Learning time series forecasting with the Store Sales Kaggle competition: use time-series forecasting to forecast store sales on data from Corporación Favorita, a large Ecuadorian-based grocery retailer.
I joined this competition to improve my understanding on time series forecasting. This readme has the purpose of describing the most important parts of what I did on my learning journey.
For the challenge, we have a set of stores and families of products, and we need to make a daily forecast of sales for each store and family for the next 15 days. Some external information, like the daily oil price and several holidays in Ecuador, are provided to be used as additional features for modelling.
One of the most challenging aspects of forecasting multiple instances for me is that there are many things going on: not all the stores are selling the same families of products, some are older than others, they have different sizes, sell different volumes, each family has different seasonalities, etc. So, it is hard to get a good overview before modelling. However, I did not know about this hardship before starting the challenge.
My first models were by store and family. Since I have several years of information, I decided to use two years of data and fairly complicated models, however the first thing I did was to set up a simple baseline.
This was a very simple model by store and family.

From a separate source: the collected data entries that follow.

lemma f_bound_far: assumes y: "1 \<le> \<bar>y\<bar>"
  shows "\<bar>f y\<bar> \<le> K / (2 * \<mu> - 1) * \<bar>y\<bar> powr (1 - 2 * \<mu>) + a * \<bar>y\<bar> powr (-1)"
proof -
  have K_comm: "K * \<bar>y\<bar> powr (1 - 2 * \<mu>) / (2 * \<mu> - 1) = K / (2 * \<mu> - 1) * \<bar>y\<bar> powr (1 - 2 * \<mu>)"
    by simp
  show ?thesis
  proof (cases "y \<ge> 1")
    case True
    have F_tail: "- F y \<le> K * \<bar>y\<bar> powr (1 - 2 * \<mu>) / (2 * \<mu> - 1)" using F_tail_pos[OF True] True by simp
    have F_sign: "F y \<le> 0" by (rule F_nonpos)
    have theta_term: "\<bar>a * theta y\<bar> \<le> a * \<bar>y\<bar> powr (-1)"
      using theta_at_pos_infinity[OF True] a_pos True
      by (simp add: abs_mult powr_minus divide_inverse mult_left_mono)
    have "\<bar>f y\<bar> \<le> \<bar>F y\<bar> + \<bar>a * theta y\<bar>" unfolding f_def by (rule abs_triangle_ineq4)
    then show ?thesis using F_tail F_sign theta_term K_comm by linarith
  next
    case False
    then have yn: "y \<le> -1" using y by linarith
    have F_tail: "F y + a * pi \<le> K * \<bar>y\<bar> powr (1 - 2 * \<mu>) / (2 * \<mu> - 1)" by (rule F_tail_neg[OF yn])
    have F_sign: "0 \<le> F y + a * pi" using F_lower_bound[of y] by simp
    have theta_tail: "0 \<le> theta y + pi" "theta y + pi \<le> 1 / \<bar>y\<bar>" using theta_at_neg_infinity[OF yn] by auto
    have theta_term: "\<bar>a * (theta y + pi)\<bar> \<le> a * \<bar>y\<bar> powr (-1)"
    proof -
      have "a * (theta y + pi) \<le> a * (1 / \<bar>y\<bar>)" using theta_tail a_pos by (intro mult_left_mono) auto
      then show ?thesis using theta_tail a_pos yn by (simp add: abs_mult powr_minus divide_inverse)
    qed
    have f_split: "f y = (F y + a * pi) - a * (theta y + pi)" unfolding f_def by (simp add: algebra_simps)
    have "\<bar>f y\<bar> \<le> \<bar>F y + a * pi\<bar> + \<bar>a * (theta y + pi)\<bar>" unfolding f_split by (rule abs_triangle_ineq4)
    then show ?thesis using F_tail F_sign theta_term K_comm by linarith
  qed
qed

(* f' = D - a/(y\<^sup>2+1), a difference of two nonnegative terms. *)
lemma f_deriv: assumes "y \<noteq> 0" shows "(f has_real_derivative D y - a * (1 / (y\<^sup>2 + 1))) (at y)"
  unfolding f_def[abs_def] using assms by (auto intro!: derivative_eq_intros F_deriv theta_deriv)

lemma f_deriv_bound: assumes "y \<noteq> 0" shows "\<bar>D y - a * (1 / (y\<^sup>2 + 1))\<bar> \<le> K * w y + a * (1 / (y\<^sup>2 + 1))"
proof -
  have "0 \<le> D y" "D y \<le> K * w y" using D_nonneg D_upper_bound[OF assms] by (auto simp: K_def)
  moreover have "0 \<le> a * (1 / (y\<^sup>2 + 1))" using a_pos by simp
  ultimately show ?thesis by linarith
qed

lemma deviation_bounds:
  "let f = (\<lambda>x. F x - (\<mu> - \<nu>) * theta x) in
     (\<forall>x. \<bar>x\<bar> \<ge> 1 \<longrightarrow> \<bar>f x\<bar> \<le> bound_const \<mu> \<nu> * exp (4 * supnorm g) * \<bar>x\<bar> powr (1 - 2 * \<mu>) + (\<mu> - \<nu>) * \<bar>x\<bar> powr (-1)) \<and>
     (\<forall>x. \<bar>f x\<bar> \<le> 2 * (\<mu> - \<nu>) * pi) \<and>
     (\<forall>x. x \<noteq> 0 \<longrightarrow> \<bar>deriv f x\<bar> \<le> bound_const \<mu> \<nu> * exp (4 * supnorm g) *
        (1 / (\<bar>x\<bar> powr (2 * \<nu>) * (x\<^sup>2 + 1) powr (\<mu> - \<nu>))) + (\<mu> - \<nu>) * (1 / (x\<^sup>2 + 1)))"
  unfolding Let_def f_eq
proof (intro conjI allI impI)
  fix x :: real
  show "\<bar>f x\<bar> \<le> bound_const \<mu> \<nu> * exp (4 * supnorm g) * \<bar>x\<bar> powr (1 - 2 * \<mu>) + (\<mu> - \<nu>) * \<bar>x\<bar> powr (-1)"
    if "\<bar>x\<bar> \<ge> 1"
    using f_bound_far[OF that] mult_right_mono[OF K_le_bound_const(1), of "\<bar>x\<bar> powr (1 - 2 * \<mu>)"]
    by (simp add: a_def)
  show "\<bar>f x\<bar> \<le> 2 * (\<mu> - \<nu>) * pi" using f_bounded by (simp add: a_def)
  assume x: "x \<noteq> 0"
  have "\<bar>deriv f x\<bar> \<le> K * w x + a * (1 / (x\<^sup>2 + 1))"
    using f_deriv_bound[OF x] DERIV_imp_deriv[OF f_deriv[OF x]] by simp
  also have "K * w x \<le> bound_const \<mu> \<nu> * exp (4 * supnorm g) * w x"
    using K_le_bound_const(2) w_pos[OF x] by (intro mult_right_mono) auto
  finally show "\<bar>deriv f x\<bar> \<le> bound_const \<mu> \<nu> * exp (4 * supnorm g) *
        (1 / (\<bar>x\<bar> powr (2 * \<nu>) * (x\<^sup>2 + 1) powr (\<mu> - \<nu>))) + (\<mu> - \<nu>) * (1 / (x\<^sup>2 + 1))"
    by (simp add: w_def a_def)
qed

(* For part (2) we use the exponent \<gamma> = min(\<mu> - 1/2, 1/2); f decays like |y|^(-\<gamma>) and f' like
   |y|^(-1-\<gamma>), uniformly for \<parallel>g\<parallel> \<le> M. *)
lemma decay_exponent_bounds: "0 < decay_exponent \<mu>" "decay_exponent \<mu> \<le> 1/2" "decay_exponent \<mu> \<le> \<mu> - 1/2"
  using \<mu>_gt by (auto simp: decay_exponent_def min_def)

lemma f_decay:
  assumes M: "supnorm g \<le> M" and y: "y \<noteq> 0"
  shows "\<bar>f y\<bar> \<le> f_decay_const \<mu> \<nu> M * \<bar>y\<bar> powr (- decay_exponent \<mu>)"
proof -
  define \<gamma> where "\<gamma> = decay_exponent \<mu>"
  define c where "c = bound_const \<mu> \<nu> * exp (4 * M)"
  have c: "0 \<le> c" "bound_const \<mu> \<nu> * exp (4 * supnorm g) \<le> c"
    using deriv_const_pos \<mu>_gt M by (auto simp: c_def bound_const_def intro!: mult_left_mono)
  have nonneg: "0 \<le> c * \<bar>y\<bar> powr (-\<gamma>)" "0 \<le> a * \<bar>y\<bar> powr (-\<gamma>)" "0 \<le> 2 * a * pi * \<bar>y\<bar> powr (-\<gamma>)"
    using c a_pos by auto
  have "\<bar>f y\<bar> \<le> c * \<bar>y\<bar> powr (-\<gamma>) + a * \<bar>y\<bar> powr (-\<gamma>) + 2 * a * pi * \<bar>y\<bar> powr (-\<gamma>)"
  proof (cases "1 \<le> \<bar>y\<bar>")
    case True
    have "\<bar>f y\<bar> \<le> bound_const \<mu> \<nu> * exp (4 * supnorm g) * \<bar>y\<bar> powr (1 - 2 * \<mu>) + a * \<bar>y\<bar> powr (-1)"
      using deviation_bounds True unfolding Let_def f_eq a_def by blast
    also have "\<dots> \<le> c * \<bar>y\<bar> powr (-\<gamma>) + a * \<bar>y\<bar> powr (-\<gamma>)"
      using True decay_exponent_bounds c a_pos unfolding \<gamma>_def
      by (intro add_mono mult_mono mult_left_mono powr_mono) auto
    finally show ?thesis using nonneg by linarith
  next
    case False
    have "\<bar>f y\<bar> \<le> 2 * a * pi" by (rule f_bounded)
    also have "\<dots> \<le> 2 * a * pi * \<bar>y\<bar> powr (-\<gamma>)"
    proof -
      have "1 \<le> \<bar>y\<bar> powr (-\<gamma>)"
        using powr_mono2'[of "-\<gamma>" "\<bar>y\<bar>" 1] False y decay_exponent_bounds unfolding \<gamma>_def by auto
      then show ?thesis using mult_left_mono[of 1 _ "2 * a * pi"] a_pos by simp
    qed
    finally show ?thesis using nonneg by linarith
  qed
  then show ?thesis by (simp add: f_decay_const_def c_def \<gamma>_def a_def distrib_right)
qed

lemma f_deriv_decay:
  assumes M: "supnorm g \<le> M" and y: "1 \<le> \<bar>y\<bar>"
  shows "\<bar>D y - a * (1 / (y\<^sup>2 + 1))\<bar> \<le> deriv_decay_const \<mu> \<nu> M * \<bar>y\<bar> powr (-1 - decay_exponent \<mu>)"
proof -
  define \<gamma> where "\<gamma> = decay_exponent \<mu>"
  have y0: "y \<noteq> 0" using y by auto
  have w_decay: "w y \<le> \<bar>y\<bar> powr (-1-\<gamma>)"
    using w_le[OF y0] powr_mono[of "-2 * \<mu>" "-1-\<gamma>" "\<bar>y\<bar>"] y decay_exponent_bounds unfolding \<gamma>_def by auto
  have sq_decay: "1 / (y\<^sup>2 + 1) \<le> \<bar>y\<bar> powr (-1-\<gamma>)"
  proof -
    have "1 / (y\<^sup>2 + 1) \<le> 1 / y\<^sup>2" using y0 by (intro divide_left_mono) auto
    also have "1 / y\<^sup>2 = \<bar>y\<bar> powr (-2)"
      using y0 by (simp add: powr_minus divide_inverse powr_numeral[symmetric])
    also have "\<dots> \<le> \<bar>y\<bar> powr (-1-\<gamma>)" using y decay_exponent_bounds unfolding \<gamma>_def by (intro powr_mono) auto
    finally show ?thesis .
  qed
  have K_le: "K \<le> deriv_const \<mu> \<nu> * exp (4 * M)"
    using M deriv_const_pos by (simp add: K_def E_pow_4)
  have "\<bar>D y - a * (1 / (y\<^sup>2 + 1))\<bar> \<le> K * w y + a * (1 / (y\<^sup>2 + 1))"
    by (rule f_deriv_bound[OF y0])
  also have "\<dots> \<le> deriv_const \<mu> \<nu> * exp (4 * M) * \<bar>y\<bar> powr (-1-\<gamma>) + a * \<bar>y\<bar> powr (-1-\<gamma>)"
    using K_le w_decay sq_decay K_pos w_pos[OF y0] a_pos by (intro add_mono mult_mono mult_left_mono) auto
  also have "\<dots> = deriv_decay_const \<mu> \<nu> M * \<bar>y\<bar> powr (-1 - decay_exponent \<mu>)"
    by (simp add: deriv_decay_const_def \<gamma>_def a_def algebra_simps)
  finally show ?thesis .
qed

lemma f_measurable: "f \<in> borel_measurable borel"
proof -
  have [measurable]: "F \<in> borel_measurable borel" by (rule borel_measurable_continuous_onI[OF F_cont])
  show ?thesis unfolding f_def[abs_def] by measurable
qed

It used the last 15 days of data to predict the upcoming 15 days. This model put me in the bottom 10% (707th) of the nearly 900 participants with a Root Mean Squared Logarithmic Error of 0.61922.
The Prophet model is a type of GAM developed by reasearchers at Facebook specifically for time series forecasting. It is able to capture trend, seasonality at different aggregation levels, e.g., daily, yearly, and allows to add additional regressors. I thought this would be a great model because many families show important seasonal effects, so by adding the holidays as an additional regressor would probably boost the model's performanance. This is a fairly complicated model, but it yielded nearly no improvement on the super simple baseline, the test RMSLE was 0.61887.
This model is a classic regressor implementing fit/predict methods. For this model, I constructed some autoregressive features, i.e., using the past X days of sales as regressors, as well as other features related to the date, like day of week, month and year, which should be able to capture some additional trends on the data. Then, I fitted the XGBoost model by store and family. The issue here, is that usually, the best autorregressive features are previous day sales, or same day from previous week sales, and this is something that we don't have for all the instances in the test set. I think that partly for this reason, the test score was not very promising, at 0.72278, even higher than our simple baseline model.
In the end of this stage, I decided to use a simple mean of the three models above. Since the models have different underlying mechanisms, e.g., the prophet model uses the full time-series and maximum a posteriori estimation, while XGBoost optimizes an objective function via gradient boosting using some set of features, their predictions should be fairly unrelated. This means that their combined predictions might be useful in cancelling the random noise within the data, and boosting the real signal. This assumption was correctin this case, yielding a test error of 0.48923. Which is already on the top 50% of the 866 participants, at position 398.
The idea here was to set up the data in matrix form as day/store for each family. Then use SVD as a preprocessing step to pool data across stores. The idea here is to use a low-rank approximation of the original data, which is likely to reduce the noise due to the fact that the most important eigenvalues from the SVD should be related to the actual signal in the data, so it is used as a sort of denoising technique.
This model used Prophet with weekly seasonality on a grouped time series of all the stores.
The final model used a simple mean of all the models above.
I'm happy with the final result: 111th from the 605 participants, which is on the top 20%.